"I will have $25 million in the bank by the end of the year and will use it in early 2014 to define my opponent," Gov. Rick Scott declared last week.
Translation: Even Charlie Crist won't want to vote for himself by the time Scott's campaign team is through with him.
Nobody doubts Scott will have a vast campaign account for his re-election, but $25 million on hand by January?
Unless he's planning to dig into his own $84 million net worth (and that doesn't include his wife's money), the governor will have to spend A LOT of time raising money over the next five months.
His Let's Get to Work committee had $13.2 million on hand as of July 31, and so far this year he's hauled in an average of $1.3 million a month (July was slow with a mere $563,000 raised). To get to $25 million in the bank, Scott will have to raise another $12 million by year's end, requiring an average monthly haul of $2.4 million. That's about $80,000 a day.
And that's not even factoring in expenses. So far this election cycle, Let's Get to Work has spent more than $1.3 million, including nearly $930,000 for consultants ($475,000 to his fundraiser, Forward Strategies, and $202,000 for his pollster and top strategist, Fabrizio McLaughlin & Associates). Weirdly but generously, Let's Get to Work also spent more than $112,000 on holiday ornaments sold by the foundation that supports the Governor's Mansion.
Among the top Tampa Bay contributors to Scott's campaign committee this year? St. Petersburg residents David Dyer, James MacDougald, Ronald Wanek and Mel Sembler gave $25,000, as did Tampa residents Kelly Sue O'Brien, John Kirtley and Tom Arthur. James Gills Jr. of Tarpon Springs, Leslie Muma of Belleair, William McGill of Clearwater and James Holton of Madeira Beach also gave $25,000.
McCain: Crist is in mix
Sen. John McCain, R-Ariz., says Charlie Crist would be a tough candidate if he decides to challenge Gov. Rick Scott, as expected.
"There are a lot of people who thought he did a good job when he was governor," McCain told Buzz. "Everything I hear from my friends in Florida is he's going to be very competitive."
McCain said it was a couple months ago when he last spoke with Crist — who got passed over for Sarah Palin as McCain's pick for vice president in 2008 — and added that he's not surprised Crist became a Democrat. "He was real angry with the whole scenario that took place."
Would you help his campaign? "I couldn't do that. But I'm not sure I could campaign against him," McCain said.

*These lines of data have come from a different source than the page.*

lemma objective_eq_on_support:
  assumes "bid_profile X P" "S' \<subseteq> S" "\<forall>l. l \<notin> S' \<longrightarrow> x l = 0"
  shows "objective P d (S :: 'l::finite set) x y = objective P d S' x y"
proof -
  have "(\<Sum>l\<in>S. P l (x l)) = (\<Sum>l\<in>S'. P l (x l))"
    by (rule sum.mono_neutral_right) (use assms in \<open>auto simp: bid_profile_def\<close>)
  then show ?thesis unfolding objective_def by simp
qed

lemma Jm_antimono:
  assumes "bid_profile X P" "S' \<subseteq> (S :: 'l::finite set)"
  shows "Jm X g d P S \<le> Jm X g d P S'"
  unfolding Jm_def[of X g d P S']
proof (rule INF_greatest, clarify)
  fix x y assume feas: "feasible X g S' x y"
  then have "feasible X g S x y" using assms(2) unfolding feasible_def by auto
  moreover have "objective P d S x y = objective P d S' x y"
    by (rule objective_eq_on_support) (use assms feas in \<open>auto simp: feasible_def\<close>)
  ultimately show "Jm X g d P S \<le> ereal (objective P d S' (fst (x, y)) (snd (x, y)))"
    using Jm_le_objective[of X g S x y d P] by simp
qed

lemma Jm_mono_profile:
  assumes "\<And>l v. l \<in> S \<Longrightarrow> v \<in> X l \<Longrightarrow> P l v \<le> Q l v"
  shows "Jm X g d P S \<le> Jm X g d Q S"
  unfolding Jm_def objective_def
  by (rule INF_mono) (use assms in \<open>force simp: feasible_def intro: sum_mono\<close>)

lemma Jm_cong_on:
  assumes "\<forall>l\<in>S. P l = Q l"
  shows "Jm X g d P S = Jm X g d Q S"
  using assms unfolding Jm_def objective_def by (simp cong: sum.cong)

lemma bid_profile_mixed:
  assumes "bid_profile X c" "\<forall>l\<in>K. b l 0 = 0 \<and> (\<forall>v\<in>X l. 0 \<le> b l v)"
  shows "bid_profile X (mixed K b c)"
  using assms unfolding bid_profile_def mixed_def by auto

lemma Jm_remove_losers:
  assumes "bid_profile X P" "feasible X g UNIV x y"
    and "ereal (objective P d UNIV x y) = Jm X g d P UNIV" and "\<forall>l\<in>K. x l = 0"
  shows "Jm X g d P (UNIV - K) = Jm X g d P (UNIV :: 'l::finite set)"
proof (rule antisym)
  have "feasible X g (UNIV - K) x y" using assms(2,4) unfolding feasible_def by auto
  moreover have "objective P d UNIV x y = objective P d (UNIV - K) x y"
    by (rule objective_eq_on_support) (use assms in auto)
  ultimately show "Jm X g d P (UNIV - K) \<le> Jm X g d P UNIV"
    using Jm_le_objective assms(3) by metis
qed (use Jm_antimono assms(1) in blast)

lemma Jm_mixed_remove_losers:
  assumes "bid_profile X c" "feasible X g UNIV x y"
    and "ereal (objective c d UNIV x y) = Jm X g d c UNIV" and "\<forall>l\<in>K. x l = 0"
  shows "Jm X g d (mixed K b c) (UNIV - K) = Jm X g d c (UNIV :: 'l::finite set)"
proof -
  have "Jm X g d (mixed K b c) (UNIV - K) = Jm X g d c (UNIV - K)"
    by (rule Jm_cong_on) (simp add: mixed_def)
  also have "\<dots> = Jm X g d c UNIV" by (rule Jm_remove_losers[OF assms])
  finally show ?thesis .
qed

lemma objective_mixed_diff:
  fixes x :: "('l::finite, 't) alloc"
  shows "objective (mixed K b c) d UNIV x y - objective c d UNIV x y
     = (\<Sum>l\<in>K. b l (x l) - c l (x l))"
proof -
  have "objective P d UNIV x y = (\<Sum>l\<in>K. P l (x l)) + (\<Sum>l\<in>UNIV - K. P l (x l)) + d x y"
    for P
    unfolding objective_def by (simp add: sum.subset_diff[of K UNIV])
  then show ?thesis by (simp add: mixed_def sum_subtractf)
qed

lemma sum_vcg_utility_mixed:
  "(\<Sum>l\<in>K. vcg_utility X g d xs (mixed K b c) c l)
     = (\<Sum>l\<in>K. b l (xs (mixed K b c) l) - c l (xs (mixed K b c) l))
       + (\<Sum>l\<in>K. Jr X g d (mixed K b c) (UNIV - {l}) - Jr X g d (mixed K b c) UNIV)"
  unfolding vcg_utility_def vcg_payment_def
  by (simp add: mixed_def sum.distrib[symmetric] algebra_simps cong: sum.cong)

lemma sum_marginal_contributions_le:
  assumes wsm: "weak_supermodular_const X g d \<gamma>" and "\<gamma> > 0" and "bid_profile X P"
    and fin_K: "Jm X g d P (UNIV - K) = ereal (Jr X g d P (UNIV - K))"
    and fin_UNIV: "Jm X g d P UNIV = ereal (Jr X g d P UNIV)"
    and fin_l: "\<And>l. Jm X g d P (UNIV - {l}) = ereal (Jr X g d P (UNIV - {l}))"
  shows "(\<Sum>l\<in>K. Jr X g d P (UNIV - {l}) - Jr X g d P UNIV)
           \<le> (Jr X g d P (UNIV - K) - Jr X g d P UNIV) / \<gamma>"
proof -
  let ?R = "Jr X g d P"
  have "ereal \<gamma> * (\<Sum>l\<in>K. Jm X g d P (UNIV - {l}) - Jm X g d P UNIV)
          \<le> Jm X g d P (UNIV - K) - Jm X g d P UNIV"
    using wsm assms(3) fin_K unfolding weak_supermodular_const_def by (metis less_ereal.simps(4))
  also have "(\<Sum>l\<in>K. Jm X g d P (UNIV - {l}) - Jm X g d P UNIV)
               = ereal (\<Sum>l\<in>K. ?R (UNIV - {l}) - ?R UNIV)"
    by (simp add: fin_l fin_UNIV flip: sum_ereal)
  finally have "\<gamma> * (\<Sum>l\<in>K. ?R (UNIV - {l}) - ?R UNIV) \<le> ?R (UNIV - K) - ?R UNIV"
    using fin_K fin_UNIV by simp
  with \<open>\<gamma> > 0\<close> show ?thesis by (simp add: field_simps)
qed
(* Bound series by length majorants: |c(eta)| <= K R^|eta| |eta|! with R = M.
   Splitting the shuffle product along the first letter of eta bounds
   |(d sh e)(eta)| by the binomial convolution of majorants of d and e; for a
   proper d with constant R and an e with constant 2R the convolution sums a
   geometric series, so |(d sh e)(eta)| <= a b (2R)^|eta| |eta|!. Together with
   c^(n+1) - c_j^(n+1) = (c - c_j) sh c^n + c_j sh (c^n - c_j^n) this gives
   |(c^n - c_j^n)(eta)| <= e_j (2T)^n (2R)^|eta| |eta|! with e_j = ||c - c_j||
   and T = ||c|| + 2 (once e_j <= 1). Shuffle powers of proper series vanish
   on words shorter than n, so for N >= 8 T R the N-norm of c^n - c_j^n is at
   most e_j 2^-n, and the whole series is at most e_j, which tends to 0. *)

lemma finite_length_pairs:
  "finite {(x :: 'a::finite list, z :: 'a list). length x + length z = L}"
proof -
  have "finite {xs :: 'a list. set xs \<subseteq> UNIV \<and> length xs \<le> L}"
    by (rule finite_lists_length_le) simp
  from finite_cartesian_product[OF this this] show ?thesis
    by (rule finite_subset[rotated]) auto
qed
(* Let $\lambda>0$. Then $\lim_{c_0\to\infty}M_2(\lambda,c_0)=\sqrt{2}$.
   Context: For $A\in\mathbb{R}^{3\times3}$ let $\lambda_1(A),\lambda_2(A),\lambda_3(A)$ be its singular values, $P(A)=\sum_{1\le i<j\le3}\lambda_i(A)\lambda_j(A)-\lambda\sum_i\lambda_i(A)$, $N(A)=\operatorname{tr}\operatorname{cof}A-\lambda\operatorname{tr}A$ (cof the cofactor matrix), and $G(A)=P(A)-N(A)$. $|\cdot|$ is the Frobenius norm and $\mathbf{1}$ the identity. For $c_0>0$, $M_2(\lambda,c_0)=\sup\{|G(A)|/|A-\lambda\mathbf{1}|^2:\ |A-\lambda\mathbf{1}|\ge c_0\}$. *)

theory Defs
  imports "HOL-Analysis.Analysis"
begin

type_synonym mat3 = "real^3^3"

definition diag3 :: "real^3 \<Rightarrow> mat3" where
  "diag3 l = (\<chi> i j. if i = j then l $ i else 0)"

text \<open>The multiset of singular values is uniquely determined, so symmetric
  functions of them are well defined.\<close>
definition svals :: "mat3 \<Rightarrow> real^3" where
  "svals A = (SOME l. (\<forall>i. l $ i \<ge> 0) \<and>
      (\<exists>U V. orthogonal_matrix U \<and> orthogonal_matrix V \<and> A = U ** diag3 l ** V))"

text \<open>Cofactor matrix: entry (i,j) is det of A with row i replaced by e_j,
  i.e. (-1)^(i+j) times the (i,j) minor.\<close>
definition cof :: "mat3 \<Rightarrow> mat3" where
  "cof A = (\<chi> i j. det (\<chi> k l. if k = i then (if l = j then 1 else 0) else A $ k $ l))"

definition Pfun :: "real \<Rightarrow> mat3 \<Rightarrow> real" where
  "Pfun lam A = (\<Sum>i\<in>UNIV. \<Sum>j\<in>UNIV. if i < j then svals A $ i * svals A $ j else 0)
                 - lam * (\<Sum>i\<in>UNIV. svals A $ i)"

definition Nfun :: "real \<Rightarrow> mat3 \<Rightarrow> real" where
  "Nfun lam A = trace (cof A) - lam * trace A"

definition Gfun :: "real \<Rightarrow> mat3 \<Rightarrow> real" where
  "Gfun lam A = Pfun lam A - Nfun lam A"

text \<open>norm on real^3^3 is the Frobenius norm.\<close>
definition M2 :: "real \<Rightarrow> real \<Rightarrow> real" where
  "M2 lam c0 = (SUP A \<in> {A :: mat3. norm (A - lam *\<^sub>R mat 1) \<ge> c0}.
                  \<bar>Gfun lam A\<bar> / (norm (A - lam *\<^sub>R mat 1))\<^sup>2)"

end

theory Submission
  imports Defs "HOL-Real_Asymp.Real_Asymp"
begin

(* Write A = U diag(l) V with U, V orthogonal and put W = V U, d = det W. Then
   tr A = \<Sum> l_i W_ii and tr cof A = d \<Sum> l_j l_k W_ii ({i,j,k} = {1,2,3}), so

     G(A) = \<Sum> l_j l_k (1 - x_i) - \<lambda> \<Sum> l_i (1 - W_ii),   x_i = d W_ii.

   The x_i form the diagonal of the rotation d W, and diagonals of rotations of R^3
   lie in the tetrahedron with vertices (1,1,1), (1,-1,-1), (-1,1,-1), (-1,-1,1).
   The quadratic part is affine in x, and at the vertices it equals 0 or
   2 l_i (l_j + l_k) \<le> \<surd>2 |l|^2 = \<surd>2 |A|^2, while the linear part is O(\<lambda> |A|);
   hence M_2(\<lambda>, c_0) \<le> \<surd>2 + O(1/c_0).
   Conversely A = diag(t, t, -\<surd>2 t) attains equality in the quadratic estimate,
   and its ratio tends to \<surd>2 as t \<rightarrow> \<infinity>. *)

(* In the numeral type 3 the numeral 3 is 0, the least element. *)
lemma less_num3_simps:
  "(3::3) < 1" "(3::3) < 2" "(1::3) < 2" "\<not> (2::3) < 1" "\<not> (1::3) < 3" "\<not> (2::3) < 3"
  by (simp_all add: less_bit1_def bit1.Rep_numeral bit1.Rep_1)

lemma Pfun_eq:
  "Pfun lam A = svals A$1 * svals A$2 + svals A$1 * svals A$3 + svals A$2 * svals A$3
     - lam * (svals A$1 + svals A$2 + svals A$3)"
  by (simp add: Pfun_def sum_3 less_num3_simps algebra_simps)

lemma trace_cof:
  "trace (cof A) = A$2$2*A$3$3 - A$2$3*A$3$2 + A$1$1*A$3$3 - A$1$3*A$3$1 + A$1$1*A$2$2 - A$1$2*A$2$1"
  by (simp add: cof_def trace_def sum_3 det_3)

lemma trace_cof_eq_trace_square: "trace (cof A) = ((trace A)\<^sup>2 - trace (A ** A)) / 2"
  unfolding trace_cof
  by (simp add: trace_def sum_3 matrix_matrix_mult_def power2_eq_square algebra_simps)

lemma transpose_cof_mult: "transpose (cof A) ** A = det A *\<^sub>R mat 1"
  by (simp add: vec_eq_iff forall_3 matrix_matrix_mult_def sum_3 cof_def det_3 mat_def
      transpose_def algebra_simps)

lemma cof_orthogonal_matrix:
  assumes "orthogonal_matrix W"
  shows "cof W = det W *\<^sub>R W"
proof -
  have "transpose (cof W) = transpose (cof W) ** (W ** transpose W)"
    using assms by (simp add: orthogonal_matrix_def)
  also have "\<dots> = det W *\<^sub>R transpose W"
    by (simp add: matrix_mul_assoc transpose_cof_mult flip: scalar_matrix_assoc)
  finally show ?thesis
    by (metis transpose_scalar transpose_transpose)
qed

lemma orthogonal_matrix_cof_diag:
  fixes W :: mat3
  assumes "orthogonal_matrix W"
  shows "W$2$2*W$3$3 - W$2$3*W$3$2 = det W * W$1$1"
    and "W$1$1*W$3$3 - W$1$3*W$3$1 = det W * W$2$2"
    and "W$1$1*W$2$2 - W$1$2*W$2$1 = det W * W$3$3"
proof -
  have "cof W $ i $ i = det W * W$i$i" for i
    using cof_orthogonal_matrix[OF assms] by simp
  from this[of 1] this[of 2] this[of 3] show
    "W$2$2*W$3$3 - W$2$3*W$3$2 = det W * W$1$1"
    "W$1$1*W$3$3 - W$1$3*W$3$1 = det W * W$2$2"
    "W$1$1*W$2$2 - W$1$2*W$2$1 = det W * W$3$3"
    by (simp_all add: cof_def det_3)
qed

lemma orthogonal_matrix_row_norm:
  assumes "orthogonal_matrix (W::mat3)"
  shows "(W$i$1)\<^sup>2 + (W$i$2)\<^sup>2 + (W$i$3)\<^sup>2 = 1"
  using arg_cong[OF conjunct2[OF assms[unfolded orthogonal_matrix_def]], of "\<lambda>M. M$i$i"]
  by (simp add: matrix_matrix_mult_def sum_3 transpose_def mat_def power2_eq_square)

lemma orthogonal_matrix_entry_abs_le:
  fixes W :: "real^'n^'n"
  assumes "orthogonal_matrix W"
  shows "\<bar>W$i$j\<bar> \<le> 1"
proof -
  have "norm (W$i) = 1"
    using assms by (simp add: orthogonal_matrix_orthonormal_rows row_def)
  then show ?thesis
    using component_le_norm_cart[of "W$i" j] by simp
qed

lemma orthogonal_matrix_iff_rows:
  "orthogonal_matrix (M::real^'n^'n) \<longleftrightarrow> (\<forall>i j. M$i \<bullet> M$j = (if i = j then 1 else 0))"
proof -
  have "orthogonal_matrix M \<longleftrightarrow> M ** transpose M = mat 1"
    by (metis matrix_left_right_inverse orthogonal_matrix_def)
  then show ?thesis
    by (simp add: vec_eq_iff matrix_matrix_mult_def transpose_def mat_def inner_vec_def)
qed

lemma orthogonal_matrix_mult_cancel:
  fixes U :: "real^'n^'n"
  assumes "orthogonal_matrix U"
  shows "X ** transpose U ** U = X" "X ** U ** transpose U = X"
  using assms by (simp_all add: orthogonal_matrix_def flip: matrix_mul_assoc)

lemma diag3_mult: "diag3 l ** W = (\<chi> i j. l$i * W$i$j)"
  by (simp add: vec_eq_iff forall_3 diag3_def matrix_matrix_mult_def sum_3)

lemma mult_diag3: "W ** diag3 l = (\<chi> i j. W$i$j * l$j)"
  by (simp add: vec_eq_iff forall_3 diag3_def matrix_matrix_mult_def sum_3)

lemma transpose_diag3: "transpose (diag3 l) = diag3 l"
  by (simp add: vec_eq_iff forall_3 diag3_def transpose_def)

lemma norm_sq_eq_trace: "(norm (A::mat3))\<^sup>2 = trace (transpose A ** A)"
  unfolding power2_norm_eq_inner
  by (simp add: inner_vec_def trace_def sum_3 matrix_matrix_mult_def transpose_def)

lemma norm_sq_eq_entries: "(norm (A::mat3))\<^sup>2 = (\<Sum>i\<in>UNIV. \<Sum>j\<in>UNIV. (A$i$j)\<^sup>2)"
  unfolding power2_norm_eq_inner by (simp add: inner_vec_def power2_eq_square)

lemma entry_abs_le_norm: "\<bar>(A::real^'n^'m)$i$j\<bar> \<le> norm A"
proof -
  have "\<bar>A$i$j\<bar> \<le> norm (A$i)"
    by (rule component_le_norm_cart)
  also have "\<dots> \<le> norm A"
    by (rule Finite_Cartesian_Product.norm_nth_le)
  finally show ?thesis .
qed

lemma norm_mat1: "norm (mat 1 :: mat3) = sqrt 3"
proof -
  have "(norm (mat 1 :: mat3))\<^sup>2 = 3"
    unfolding norm_sq_eq_entries by (simp add: mat_def sum_3)
  then show ?thesis
    by (metis norm_ge_zero real_sqrt_unique)
qed

section \<open>Diagonals of rotations\<close>

lemma rotation_matrix_trace_ge:
  fixes R :: mat3
  assumes "rotation_matrix R"
  shows "trace R \<ge> -1"
proof -
  let ?t = "R$1$1 + R$2$2 + R$3$3"
  have oR: "orthogonal_matrix R" and dR: "det R = 1"
    using assms by (auto simp: rotation_matrix_def)
  note rows = orthogonal_matrix_row_norm[OF oR, of 1] orthogonal_matrix_row_norm[OF oR, of 2]
    orthogonal_matrix_row_norm[OF oR, of 3]
  note cofs = orthogonal_matrix_cof_diag[OF oR, unfolded dR mult_1]
  have skew: "(R$1$2 - R$2$1)\<^sup>2 + (R$1$3 - R$3$1)\<^sup>2 + (R$2$3 - R$3$2)\<^sup>2 = (3 - ?t) * (1 + ?t)"
    using rows cofs by algebra
  have diag: "R$i$i \<le> 1" for i
    using orthogonal_matrix_entry_abs_le[OF oR, of i i] by simp
  have "?t \<le> 3"
    using diag[of 1] diag[of 2] diag[of 3] by linarith
  moreover have "(3 - ?t) * (1 + ?t) \<ge> 0"
    unfolding skew[symmetric] by simp
  ultimately have "1 + ?t \<ge> 0"
    by (smt (verit) mult_pos_neg)
  then show ?thesis
    by (simp add: trace_def sum_3)
qed

lemma rotation_matrix_trace_le_diag:
  fixes R :: mat3
  assumes "rotation_matrix R"
  shows "trace R \<le> 1 + 2 * R$j$j"
proof -
  define F where "F = diag3 (\<chi> i. if i = j then 1 else -1)"
  have "orthogonal_matrix F"
    unfolding orthogonal_matrix_iff_rows
    by (simp add: F_def diag3_def inner_vec_def sum_3 forall_3)
  moreover have "det F = 1"
    using exhaust_3[of j] by (auto simp: F_def diag3_def det_3)
  ultimately have "rotation_matrix (R ** F)"
    using assms by (simp add: rotation_matrix_def orthogonal_matrix_mul det_mul)
  then have "trace (R ** F) \<ge> -1"
    by (rule rotation_matrix_trace_ge)
  moreover have "trace (R ** F) = 2 * R$j$j - trace R"
    using exhaust_3[of j] by (auto simp: F_def mult_diag3 trace_def sum_3)
  ultimately show ?thesis
    by simp
qed

lemma sqrt2_weighted_product_le: "2 * a * (b + c) \<le> sqrt 2 * (a\<^sup>2 + b\<^sup>2 + c\<^sup>2)"
proof -
  have s2: "sqrt 2 * sqrt 2 = 2"
    by simp
  have "0 \<le> (sqrt 2 / 2) * (sqrt 2 * a - (b + c))\<^sup>2 + (sqrt 2 / 2) * (b - c)\<^sup>2"
    by simp
  also have "\<dots> = sqrt 2 * (a\<^sup>2 + b\<^sup>2 + c\<^sup>2) - 2 * a * (b + c)"
    by (simp add: power2_eq_square algebra_simps s2) (simp add: field_simps)
  finally show ?thesis
    by simp
qed
lemma window_of_concat:
  fixes Q :: "'a set \<Rightarrow> bool"
  assumes subset_closed: "\<And>A C. Q C \<Longrightarrow> A \<subseteq> C \<Longrightarrow> Q A"
    and "Q {}"
    and blocks: "\<forall>b\<in>set bs. l - 1 \<le> length b \<and> Q (set b)"
    and seams: "\<forall>i. Suc i < length bs \<longrightarrow>
       Q (set (drop (length (bs ! i) - (l - 1)) (bs ! i)) \<union> set (take (l - 1) (bs ! Suc i)))"
  shows "Q (set (take l (drop p (concat bs))))"
  using blocks seams
proof (induction bs arbitrary: p)
  case Nil
  then show ?case using \<open>Q {}\<close> by simp
next
  case (Cons b bs)
  have Q_b: "Q (set b)" and "l - 1 \<le> length b" using Cons.prems(1) by auto
  consider (beyond) "length b \<le> p" | (inside) "p + l \<le> length b"
    | (across) "p < length b" "length b < p + l" by linarith
  then show ?case
  proof cases
    case beyond
    have "Q (set (take l (drop (p - length b) (concat bs))))"
      using Cons.prems by (intro Cons.IH) (simp, metis Suc_less_eq length_Cons nth_Cons_Suc)
    then show ?thesis using beyond by simp
  next
    case inside
    then have "take l (drop p (concat (b # bs))) = take l (drop p b)" by simp
    then show ?thesis
      using subset_closed[OF Q_b] by (metis order_trans set_drop_subset set_take_subset)
  next
    case across
    define c where "c = l - (length b - p)"
    have window: "take l (drop p (concat (b # bs))) = drop p b @ take c (concat bs)"
      using across by (simp add: c_def)
    show ?thesis
    proof (cases bs)
      case Nil
      then show ?thesis using window subset_closed[OF Q_b] by (simp add: set_drop_subset)
    next
      case (Cons b' bs')
      have "c \<le> l - 1" "l - 1 \<le> length b'"
        using across Cons.prems(1) \<open>bs = b' # bs'\<close> by (auto simp: c_def)
      then have prefix: "set (take c (concat bs)) \<subseteq> set (take (l - 1) b')"
        using \<open>bs = b' # bs'\<close> by (simp add: set_take_subset_set_take)
      have suffix: "set (drop p b) \<subseteq> set (drop (length b - (l - 1)) b)"
        using across by (intro set_drop_subset_set_drop) linarith
      have "Q (set (drop (length b - (l - 1)) b) \<union> set (take (l - 1) b'))"
        using Cons.prems(2)[rule_format, of 0] \<open>bs = b' # bs'\<close> by simp
      from subset_closed[OF this Un_mono[OF suffix prefix]] show ?thesis
        unfolding window by simp
    qed
  qed
qed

Crist, you may recall, played a big role in the Arizona senator securing the Republican nomination in 2008. Crist, the then-popular Republican governor, gave a surprise last-minute endorsement that helped McCain win the critical Florida primary.
Putnam talks Cabinet
Florida's unique power-sharing executive branch system gives the Florida Cabinet broad power to oversee, along with the governor, everything from state law enforcement and highway safety to pension investments to child support enforcement and acquiring and managing state land. Watching a Cabinet meeting, though, is about as suspenseful as watching the sun rise because very little occurs.
Agriculture Commissioner Adam Putnam would like to see a little more give and take.
"There is some frustration on my part that there has been a reluctance to agenda items unless they're either completely noncontroversial or 100 percent ready to go and sail through," he said in a Political Connections interview airing today on Bay News 9. "I think the public is well-served when they get to see … the governor and three Cabinet members work through these issues in an open forum and get an insight into the thought process. I think the Cabinet system works, I think it should be used more fully, and I think the public benefits when they get to see how those decisions are arrived at."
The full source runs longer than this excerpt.